For two years, the idea didn't go beyond the presentation stage, but this weekend hundreds of students took the first step toward turning a science fiction fantasy into reality.
One of the most discussed projects was developed by a group of students from the Delft University of Technology in the Netherlands. Their concept was based on passive levitation, in which an array of magnets suspend the pod 20mm above the Hyperloop track. This type of arrangement requires no onboard power and keeps the magnetic field outside of the pod.
"I'm surprised that [Hyperloop] doesn't exist already," said Quint Houwink, a 19-year old sophomore studying aerospace engineering at the university, as cited by ArsTechnica. "All of the technology inside the Hyperloop has been around for decades. The only thing we're doing is putting that technology together."

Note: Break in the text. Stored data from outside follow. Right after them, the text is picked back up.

lemma Am_0_eq_Aclosed:
  assumes n: "n \<in> Vec s" and m: "m \<in> Vec s"
  shows "Am s p \<omega> 0 n m = Aclosed s p (cnt \<omega> 0) n m"
proof -
  have "cnt \<omega> 0 = (\<lambda>_. 0)" by (simp add: cnt_def fun_eq_iff)
  moreover have "vle s m n \<and> (\<forall>i\<in>{1..s}. n i - m i = 0) \<longleftrightarrow> n = m"
  proof
    assume "vle s m n \<and> (\<forall>i\<in>{1..s}. n i - m i = 0)"
    then show "n = m" by (intro Vec_eqI[OF n m]) (force simp: vle_def)
  qed (simp add: vle_def)
  ultimately show ?thesis
    by (auto simp: Am_def Idm_def Aclosed_def gf_coeff_zero fact_ratio_def)
qed

lemma Am_eq_Aclosed:
  assumes vp: "valid_p s p"
  shows "valid_omega s \<omega> \<Longrightarrow> n \<in> Vec s \<Longrightarrow> m \<in> Vec s \<Longrightarrow> Am s p \<omega> k n m = Aclosed s p (cnt \<omega> k) n m"
proof (induction k arbitrary: \<omega> n)
  case 0
  then show ?case by (simp add: Am_0_eq_Aclosed)
next
  case (Suc k)
  let ?c = "cnt (shift \<omega>) k"
  have IH: "Am s p (shift \<omega>) k x m = Aclosed s p ?c x m" if "x \<in> Vec s" for x
    using Suc.IH[OF valid_omega_shift[OF Suc.prems(1)] that Suc.prems(3)] .
  have "\<omega> 1 \<in> {1..s + 1}" using Suc.prems(1) by (simp add: valid_omega_def)
  then consider "\<omega> 1 \<in> {1..s}" | "\<omega> 1 = s + 1" by fastforce
  then show ?case
  proof cases
    case 1
    show ?thesis
      unfolding Am_Suc_low[OF vp Suc.prems(1,2) 1] IH[OF Suc.prems(2)]
        IH[OF Vec_fun_upd[OF Suc.prems(2) 1]] cnt_Suc Aclosed_Suc_low[OF 1] ..
  next
    case 2
    have "(\<Sum>j=1..s. if 1 \<le> n j then real (n j) * Am s p (shift \<omega>) k (n(j := n j - 1)) m else 0)
        = (\<Sum>j=1..s. if 1 \<le> n j then real (n j) * Aclosed s p ?c (n(j := n j - 1)) m else 0)"
      using IH[OF Vec_fun_upd[OF Suc.prems(2)]] by (intro sum.cong) simp_all
    then show ?thesis
      unfolding Am_Suc_high[OF vp Suc.prems(1,2) 2] IH[OF Suc.prems(2)] cnt_Suc 2 Aclosed_Suc_high
      by simp
  qed
qed

lemma Tset_subset_vbox:
  assumes "vle s r q"
  shows "Tset s \<omega> k q r \<subseteq> vbox s (\<lambda>i. q i - r i)"
  using assms by (force simp: Tset_def vbox_def vle_def)

lemma gf_term_outside_Tset:
  assumes rq: "vle s r q" and t: "t \<in> vbox s (\<lambda>i. q i - r i) - Tset s \<omega> k q r"
  shows "gf_term s p (cnt \<omega> k) (\<lambda>i. q i - r i) t = 0"
proof -
  let ?c = "cnt \<omega> k"
  have rqi: "\<forall>i\<in>{1..s}. r i \<le> q i" and tle: "\<forall>i\<in>{1..s}. t i \<le> q i - r i"
    using rq t by (auto simp: vle_def vbox_def)
  have "\<not> ((\<forall>i\<in>{1..s}. int (q i) - int (r i) - int (?c i) \<le> int (t i) \<and> int (t i) \<le> int (q i) - int (r i))
      \<and> vabs s t \<le> ?c (s + 1))"
    using t by (auto simp: Tset_def vbox_def)
  moreover have "\<forall>i\<in>{1..s}. int (t i) \<le> int (q i) - int (r i)"
    using rqi tle by force
  ultimately have "(\<exists>i\<in>{1..s}. q i - r i - t i > ?c i) \<or> vabs s t > ?c (s + 1)"
    using rqi by force
  then show ?thesis
  proof
    assume "\<exists>i\<in>{1..s}. q i - r i - t i > ?c i"
    then have "gf_factor s p ?c (\<lambda>i. q i - r i) t = 0"
      unfolding gf_factor_def by (auto intro: prod_zero simp: binomial_eq_0)
    then show ?thesis by (simp add: gf_term_def)
  next
    assume "vabs s t > ?c (s + 1)"
    then show ?thesis by (simp add: gf_term_def falling_fact_def binomial_eq_0)
  qed
qed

US Secretary of Transportation Anthony Foxx attended the event and expressed interest in Hyperloop, infusing young engineers with hope that their designs could see investment and not lie buried amidst the pages of Popular Mechanics and scholarly journals.

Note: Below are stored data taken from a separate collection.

lemma hilbert_theta_ratio_le:
  fixes F G :: "('a \<Rightarrow> real) \<Rightarrow> real"
  assumes theta: "hilbert_theta S C v w = ereal \<theta>"
    and V: "\<And>t. (\<lambda>x. t * v x) \<in> V" "w \<in> V"
    and mono: "\<And>u u'. u \<in> V \<Longrightarrow> u' \<in> V \<Longrightarrow> cone_le S C u u' \<Longrightarrow> F u \<le> F u' \<and> G u \<le> G u'"
    and hom: "\<And>t. F (\<lambda>x. t * v x) = t * F v" "\<And>t. G (\<lambda>x. t * v x) = t * G v"
    and pos: "F v > 0" "F w > 0" "G v > 0" "G w > 0"
  shows "0 \<le> \<theta>" "F v / F w \<le> exp \<theta> * (G v / G w)"
proof -
  define A where "A = {t. t > 0 \<and> cone_le S C (\<lambda>x. t * v x) w}"
  define B where "B = {s. s > 0 \<and> cone_le S C w (\<lambda>x. s * v x)}"
  have ne: "A \<noteq> {}" "B \<noteq> {}" and \<theta>: "\<theta> = ln (Inf B / Sup A)"
    using theta unfolding hilbert_theta_def Let_def A_def B_def by (auto split: if_splits)
  note F_bounds = cone_le_scaled_functional_bounds[OF V, where F=F]
  note G_bounds = cone_le_scaled_functional_bounds[OF V, where F=G]
  have Sup_A: "Sup A \<le> F w / F v"
    using ne(1) F_bounds(1) mono hom pos unfolding A_def by (intro cSup_least) blast+
  have Inf_B: "G w / G v \<le> Inf B" "F w / F v \<le> Inf B"
    using ne(2) F_bounds(2) G_bounds(2) mono hom pos unfolding B_def by (intro cInf_greatest; blast)+
  have "0 < Sup A"
  proof -
    obtain t where "t \<in> A" using ne(1) by blast
    moreover have "bdd_above A"
      using F_bounds(1) mono hom pos unfolding A_def bdd_above_def by blast
    ultimately show ?thesis using cSup_upper[of t A] unfolding A_def by force
  qed
  have exp_\<theta>: "exp \<theta> = Inf B / Sup A"
  proof -
    have "0 < Inf B"
      using Inf_B(1) pos by (meson divide_pos_pos order.strict_trans2)
    then show ?thesis
      using \<open>0 < Sup A\<close> \<theta> by simp
  qed
  show "0 \<le> \<theta>"
    using \<theta> Sup_A Inf_B(2) \<open>0 < Sup A\<close> by simp
  have "F v / F w \<le> 1 / Sup A"
    using Sup_A \<open>0 < Sup A\<close> pos by (simp add: field_simps)
  also have "\<dots> \<le> exp \<theta> * (G v / G w)"
    using Inf_B(1) \<open>0 < Sup A\<close> pos by (simp add: exp_\<theta> field_simps)
  finally show "F v / F w \<le> exp \<theta> * (G v / G w)" .
qed

lemma integral_ratio_le_exp_hilbert_theta:
  assumes "finite_measure M"
    and sets: "sets M = sets (restrict_space borel \<gamma>)"
    and "compact \<gamma>" "emeasure M \<gamma> > 0" "0 < \<mu>"
    and \<phi>: "\<forall>\<sigma>\<in>cone_D a \<mu> \<gamma>. (\<integral>x. \<phi> x * \<sigma> x \<partial>M) > 0"
    and \<rho>: "\<rho>1 \<in> cone_D a \<mu> \<gamma>" "\<rho>2 \<in> cone_D a \<mu> \<gamma>"
    and \<theta>: "hilbert_theta \<gamma> (cone_D a \<mu> \<gamma>) \<rho>1 \<rho>2 = ereal \<theta>"
  shows "0 \<le> \<theta>"
    and "(\<integral>x. \<phi> x * \<rho>1 x \<partial>M) / (\<integral>x. \<phi> x * \<rho>2 x \<partial>M)
      \<le> exp \<theta> * ((\<integral>x. \<rho>1 x \<partial>M) / (\<integral>x. \<rho>2 x \<partial>M))"
proof -
  have space: "space M = \<gamma>"
    using sets_eq_imp_space_eq[OF sets] by (simp add: space_restrict_space)
  have density: "integrable M \<sigma> \<and> integral\<^sup>L M \<sigma> > 0" if "\<sigma> \<in> cone_D a \<mu> \<gamma>" for \<sigma>
    using integral_cone_D_pos[OF assms(1-5) that] .
  have weighted: "integrable M (\<lambda>x. \<phi> x * \<sigma> x) \<and> (\<integral>x. \<phi> x * \<sigma> x \<partial>M) > 0"
    if "\<sigma> \<in> cone_D a \<mu> \<gamma>" for \<sigma>
    using \<phi> that not_integrable_integral_eq by fastforce
  define V where "V = {u. integrable M (\<lambda>x. \<phi> x * u x) \<and> integrable M u}"
  have V: "(\<lambda>x. t * \<rho>1 x) \<in> V" "\<rho>2 \<in> V" for t
    using density \<rho> weighted unfolding V_def by (auto simp: mult.left_commute)
  have mono: "(\<integral>x. \<phi> x * u x \<partial>M) \<le> (\<integral>x. \<phi> x * u' x \<partial>M) \<and> (\<integral>x. u x \<partial>M) \<le> (\<integral>x. u' x \<partial>M)"
    if "u \<in> V" "u' \<in> V" "cone_le \<gamma> (cone_D a \<mu> \<gamma>) u u'" for u u'
    using integral_mono_cone_le[OF space _ _ _ that(3), where g = \<phi>]
      integral_mono_cone_le[OF space _ _ _ that(3), where g = "\<lambda>_. 1", simplified]
      that(1,2) density weighted unfolding V_def by blast
  have hom: "(\<integral>x. \<phi> x * (t * \<rho>1 x) \<partial>M) = t * (\<integral>x. \<phi> x * \<rho>1 x \<partial>M)"
    "(\<integral>x. t * \<rho>1 x \<partial>M) = t * (\<integral>x. \<rho>1 x \<partial>M)" for t
    by (simp_all add: mult.left_commute)
  show "0 \<le> \<theta>" "(\<integral>x. \<phi> x * \<rho>1 x \<partial>M) / (\<integral>x. \<phi> x * \<rho>2 x \<partial>M)
      \<le> exp \<theta> * ((\<integral>x. \<rho>1 x \<partial>M) / (\<integral>x. \<rho>2 x \<partial>M))"
    by (rule hilbert_theta_ratio_le[where F = "\<lambda>u. \<integral>x. \<phi> x * u x \<partial>M" and G = "\<lambda>u. \<integral>x. u x \<partial>M",
          OF \<theta> V mono hom]; use density weighted \<rho> in auto)+
qed

theorem lemma4p3:
  fixes Leaves :: "('a::metric_space) set set"
    and m :: "'a set \<Rightarrow> 'a measure"
    and Q :: "'a set"
    and a \<mu> b :: real
    and \<phi> :: "'a \<Rightarrow> real"
  assumes leaves_Q: "\<Union>Leaves \<subseteq> Q"
    and dist_Q: "\<forall>x\<in>Q. \<forall>y\<in>Q. dist x y \<le> 1"
    and leaf_compact: "\<forall>\<gamma>\<in>Leaves. compact \<gamma>"
    and leaf_space: "\<forall>\<gamma>\<in>Leaves. sets (m \<gamma>) = sets (restrict_space borel \<gamma>)"
    and leaf_finite: "\<forall>\<gamma>\<in>Leaves. finite_measure (m \<gamma>)"
    and leaf_pos: "\<forall>\<gamma>\<in>Leaves. emeasure (m \<gamma>) \<gamma> > 0"
    and a_pos: "a > 0"
    and mu: "0 < \<mu>" "\<mu> \<le> 1"
    and phi: "\<phi> \<in> class_A Leaves m a \<mu>"
    and b: "b \<ge> 1"
  shows "\<forall>\<gamma>\<in>Leaves. \<forall>\<rho>1\<in>cone_D a \<mu> \<gamma>. \<forall>\<rho>2\<in>cone_D a \<mu> \<gamma>. \<forall>\<theta>::real.
           hilbert_theta \<gamma> (cone_D a \<mu> \<gamma>) \<rho>1 \<rho>2 = ereal \<theta> \<longrightarrow>
           leaf_int m \<gamma> (\<lambda>x. \<phi> x * \<rho>1 x) / leaf_int m \<gamma> (\<lambda>x. \<phi> x * \<rho>2 x)
             \<le> exp (b * \<theta>) * (leaf_int m \<gamma> \<rho>1 / leaf_int m \<gamma> \<rho>2)"
proof (intro ballI allI impI)
  fix \<gamma> \<rho>1 \<rho>2 \<theta>
  assume \<gamma>: "\<gamma> \<in> Leaves" and \<rho>: "\<rho>1 \<in> cone_D a \<mu> \<gamma>" "\<rho>2 \<in> cone_D a \<mu> \<gamma>"
    and \<theta>: "hilbert_theta \<gamma> (cone_D a \<mu> \<gamma>) \<rho>1 \<rho>2 = ereal \<theta>"
  have \<phi>: "\<forall>\<sigma>\<in>cone_D a \<mu> \<gamma>. (\<integral>x. \<phi> x * \<sigma> x \<partial>m \<gamma>) > 0"
    using phi \<gamma> unfolding class_A_def leaf_int_def by blast
  note leaf = leaf_finite leaf_space leaf_compact leaf_pos
  have "0 \<le> \<theta>" and ratio: "leaf_int m \<gamma> (\<lambda>x. \<phi> x * \<rho>1 x) / leaf_int m \<gamma> (\<lambda>x. \<phi> x * \<rho>2 x)
      \<le> exp \<theta> * (leaf_int m \<gamma> \<rho>1 / leaf_int m \<gamma> \<rho>2)"
    using integral_ratio_le_exp_hilbert_theta[OF _ _ _ _ mu(1) \<phi> \<rho> \<theta>] leaf \<gamma>
    unfolding leaf_int_def by auto
  have "exp \<theta> \<le> exp (b * \<theta>)"
    using \<open>0 \<le> \<theta>\<close> b by (simp add: mult_le_cancel_right1)
  moreover have "0 \<le> leaf_int m \<gamma> \<rho>1 / leaf_int m \<gamma> \<rho>2"
    using integral_cone_D_pos[OF _ _ _ _ mu(1)] leaf \<gamma> \<rho> unfolding leaf_int_def
    by (meson divide_nonneg_pos less_imp_le)
  ultimately show "leaf_int m \<gamma> (\<lambda>x. \<phi> x * \<rho>1 x) / leaf_int m \<gamma> (\<lambda>x. \<phi> x * \<rho>2 x)
      \<le> exp (b * \<theta>) * (leaf_int m \<gamma> \<rho>1 / leaf_int m \<gamma> \<rho>2)"
    using ratio mult_right_mono order_trans by blast
qed

end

"It's one thing to have a really cool new idea," Foxx said. "It's another thing for that idea to go through the traps required to have that actually used by the mass public. That's not to say this isn't an idea that has merit. I'm here. It has merit."
According to Foxx, his department is open to new methods of moving large groups of people, in view of a world with a growing population and aging infrastructure. Federal money could see the the seeds of student ideas becoming public transport.